─── Working data ───

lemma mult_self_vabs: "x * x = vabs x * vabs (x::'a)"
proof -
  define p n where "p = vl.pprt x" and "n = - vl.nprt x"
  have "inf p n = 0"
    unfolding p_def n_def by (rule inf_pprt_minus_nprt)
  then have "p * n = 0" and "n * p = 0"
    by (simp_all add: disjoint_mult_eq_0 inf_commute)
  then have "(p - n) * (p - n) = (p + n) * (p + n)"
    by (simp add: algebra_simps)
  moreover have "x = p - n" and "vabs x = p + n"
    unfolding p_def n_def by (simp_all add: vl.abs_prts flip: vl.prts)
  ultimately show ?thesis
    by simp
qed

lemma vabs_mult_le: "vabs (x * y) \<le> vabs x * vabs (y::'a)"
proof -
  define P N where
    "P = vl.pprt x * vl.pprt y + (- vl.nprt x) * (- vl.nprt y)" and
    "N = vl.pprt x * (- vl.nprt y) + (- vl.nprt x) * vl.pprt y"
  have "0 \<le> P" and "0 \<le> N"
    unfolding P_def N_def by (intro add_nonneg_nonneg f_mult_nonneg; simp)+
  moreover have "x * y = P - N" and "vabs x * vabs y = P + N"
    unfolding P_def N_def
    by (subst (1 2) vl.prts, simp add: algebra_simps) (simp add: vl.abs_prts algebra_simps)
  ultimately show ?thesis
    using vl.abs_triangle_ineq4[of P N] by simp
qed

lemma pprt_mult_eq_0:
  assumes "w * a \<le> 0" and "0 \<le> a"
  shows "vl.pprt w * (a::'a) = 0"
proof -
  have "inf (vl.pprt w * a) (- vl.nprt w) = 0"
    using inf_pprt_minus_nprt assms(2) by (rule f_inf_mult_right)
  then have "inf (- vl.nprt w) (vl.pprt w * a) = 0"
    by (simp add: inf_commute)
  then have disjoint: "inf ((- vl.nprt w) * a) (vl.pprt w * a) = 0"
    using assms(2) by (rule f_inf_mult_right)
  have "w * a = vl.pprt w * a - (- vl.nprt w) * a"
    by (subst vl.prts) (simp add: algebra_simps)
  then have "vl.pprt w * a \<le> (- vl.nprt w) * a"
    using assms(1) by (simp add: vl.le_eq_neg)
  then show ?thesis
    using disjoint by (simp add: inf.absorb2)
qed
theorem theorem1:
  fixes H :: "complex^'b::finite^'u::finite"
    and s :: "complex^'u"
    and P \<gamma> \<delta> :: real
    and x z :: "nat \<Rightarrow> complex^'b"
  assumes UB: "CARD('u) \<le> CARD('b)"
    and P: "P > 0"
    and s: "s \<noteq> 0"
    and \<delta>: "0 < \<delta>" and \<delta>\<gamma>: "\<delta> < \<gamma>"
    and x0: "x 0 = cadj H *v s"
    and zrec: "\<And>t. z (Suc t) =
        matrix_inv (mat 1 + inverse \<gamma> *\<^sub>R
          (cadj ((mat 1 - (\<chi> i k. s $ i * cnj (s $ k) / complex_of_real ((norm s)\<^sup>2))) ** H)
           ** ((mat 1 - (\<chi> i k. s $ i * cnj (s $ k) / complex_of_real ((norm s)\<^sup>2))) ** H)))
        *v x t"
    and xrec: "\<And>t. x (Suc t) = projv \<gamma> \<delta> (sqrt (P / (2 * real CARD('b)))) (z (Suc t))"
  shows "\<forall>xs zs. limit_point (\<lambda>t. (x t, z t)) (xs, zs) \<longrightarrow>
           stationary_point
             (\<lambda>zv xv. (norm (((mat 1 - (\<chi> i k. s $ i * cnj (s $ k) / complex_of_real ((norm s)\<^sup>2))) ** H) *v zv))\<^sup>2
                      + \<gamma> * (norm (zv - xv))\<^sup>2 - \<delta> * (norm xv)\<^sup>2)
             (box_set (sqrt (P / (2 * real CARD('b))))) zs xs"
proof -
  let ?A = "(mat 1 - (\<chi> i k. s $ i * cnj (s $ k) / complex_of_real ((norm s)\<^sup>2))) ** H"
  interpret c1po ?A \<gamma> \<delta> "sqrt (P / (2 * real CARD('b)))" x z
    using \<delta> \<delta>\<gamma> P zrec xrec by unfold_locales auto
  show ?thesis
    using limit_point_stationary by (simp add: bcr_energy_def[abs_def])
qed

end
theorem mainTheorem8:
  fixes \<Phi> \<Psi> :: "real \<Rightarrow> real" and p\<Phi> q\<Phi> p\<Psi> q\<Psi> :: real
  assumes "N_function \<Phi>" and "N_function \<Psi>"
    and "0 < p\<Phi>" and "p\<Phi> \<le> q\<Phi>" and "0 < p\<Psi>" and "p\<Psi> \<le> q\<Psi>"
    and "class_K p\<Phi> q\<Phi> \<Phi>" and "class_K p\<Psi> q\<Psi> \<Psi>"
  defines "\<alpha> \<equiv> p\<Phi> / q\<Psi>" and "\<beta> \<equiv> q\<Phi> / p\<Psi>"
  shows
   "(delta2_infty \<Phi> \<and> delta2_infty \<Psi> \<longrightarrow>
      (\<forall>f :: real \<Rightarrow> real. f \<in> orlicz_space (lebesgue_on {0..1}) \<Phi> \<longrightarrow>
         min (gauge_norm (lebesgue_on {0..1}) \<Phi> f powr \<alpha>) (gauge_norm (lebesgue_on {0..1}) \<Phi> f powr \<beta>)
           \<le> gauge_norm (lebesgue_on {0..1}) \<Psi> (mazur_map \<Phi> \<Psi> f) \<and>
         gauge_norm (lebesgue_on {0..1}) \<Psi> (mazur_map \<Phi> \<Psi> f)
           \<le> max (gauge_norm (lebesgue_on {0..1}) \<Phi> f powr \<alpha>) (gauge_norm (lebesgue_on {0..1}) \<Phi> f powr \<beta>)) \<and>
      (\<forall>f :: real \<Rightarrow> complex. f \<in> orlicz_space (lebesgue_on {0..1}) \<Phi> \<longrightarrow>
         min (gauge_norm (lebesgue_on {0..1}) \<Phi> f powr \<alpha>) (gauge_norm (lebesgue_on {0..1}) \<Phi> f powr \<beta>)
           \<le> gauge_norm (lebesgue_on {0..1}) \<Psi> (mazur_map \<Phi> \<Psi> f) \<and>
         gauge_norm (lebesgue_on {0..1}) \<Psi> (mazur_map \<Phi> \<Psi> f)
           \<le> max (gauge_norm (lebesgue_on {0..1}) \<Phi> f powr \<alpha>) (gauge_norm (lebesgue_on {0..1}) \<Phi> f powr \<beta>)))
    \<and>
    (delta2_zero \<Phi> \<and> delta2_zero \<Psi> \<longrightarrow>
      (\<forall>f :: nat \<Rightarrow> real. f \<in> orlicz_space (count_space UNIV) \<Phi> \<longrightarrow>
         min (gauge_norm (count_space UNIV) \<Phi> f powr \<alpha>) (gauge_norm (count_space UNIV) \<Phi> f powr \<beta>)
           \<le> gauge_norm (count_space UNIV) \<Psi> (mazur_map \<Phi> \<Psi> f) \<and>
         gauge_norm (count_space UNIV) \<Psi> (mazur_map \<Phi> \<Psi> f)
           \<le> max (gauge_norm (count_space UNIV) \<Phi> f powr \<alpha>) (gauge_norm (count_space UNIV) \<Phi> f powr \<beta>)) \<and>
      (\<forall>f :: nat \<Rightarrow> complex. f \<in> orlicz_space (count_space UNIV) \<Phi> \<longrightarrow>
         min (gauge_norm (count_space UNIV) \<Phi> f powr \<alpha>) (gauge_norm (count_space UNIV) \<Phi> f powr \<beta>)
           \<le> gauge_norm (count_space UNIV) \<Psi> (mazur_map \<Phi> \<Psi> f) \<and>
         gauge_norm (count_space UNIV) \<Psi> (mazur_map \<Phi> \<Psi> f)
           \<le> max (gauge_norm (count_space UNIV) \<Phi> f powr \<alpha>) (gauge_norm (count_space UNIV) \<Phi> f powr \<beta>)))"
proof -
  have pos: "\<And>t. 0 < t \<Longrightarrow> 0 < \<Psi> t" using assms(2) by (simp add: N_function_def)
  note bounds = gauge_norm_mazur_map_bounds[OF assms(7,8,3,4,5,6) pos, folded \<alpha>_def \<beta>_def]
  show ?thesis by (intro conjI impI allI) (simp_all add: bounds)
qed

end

───

**Task instructions:** Could you restate word for word the lines above, from the one that contains "a \<le> (- vl.nprt" through the one that contains "(cadj ((mat 1", and no others?

**Exercise output:**
  then have "vl.pprt w * a \<le> (- vl.nprt w) * a"
    using assms(1) by (simp add: vl.le_eq_neg)
  then show ?thesis
    using disjoint by (simp add: inf.absorb2)
qed
theorem theorem1:
  fixes H :: "complex^'b::finite^'u::finite"
    and s :: "complex^'u"
    and P \<gamma> \<delta> :: real
    and x z :: "nat \<Rightarrow> complex^'b"
  assumes UB: "CARD('u) \<le> CARD('b)"
    and P: "P > 0"
    and s: "s \<noteq> 0"
    and \<delta>: "0 < \<delta>" and \<delta>\<gamma>: "\<delta> < \<gamma>"
    and x0: "x 0 = cadj H *v s"
    and zrec: "\<And>t. z (Suc t) =
        matrix_inv (mat 1 + inverse \<gamma> *\<^sub>R
          (cadj ((mat 1 - (\<chi> i k. s $ i * cnj (s $ k) / complex_of_real ((norm s)\<^sup>2))) ** H)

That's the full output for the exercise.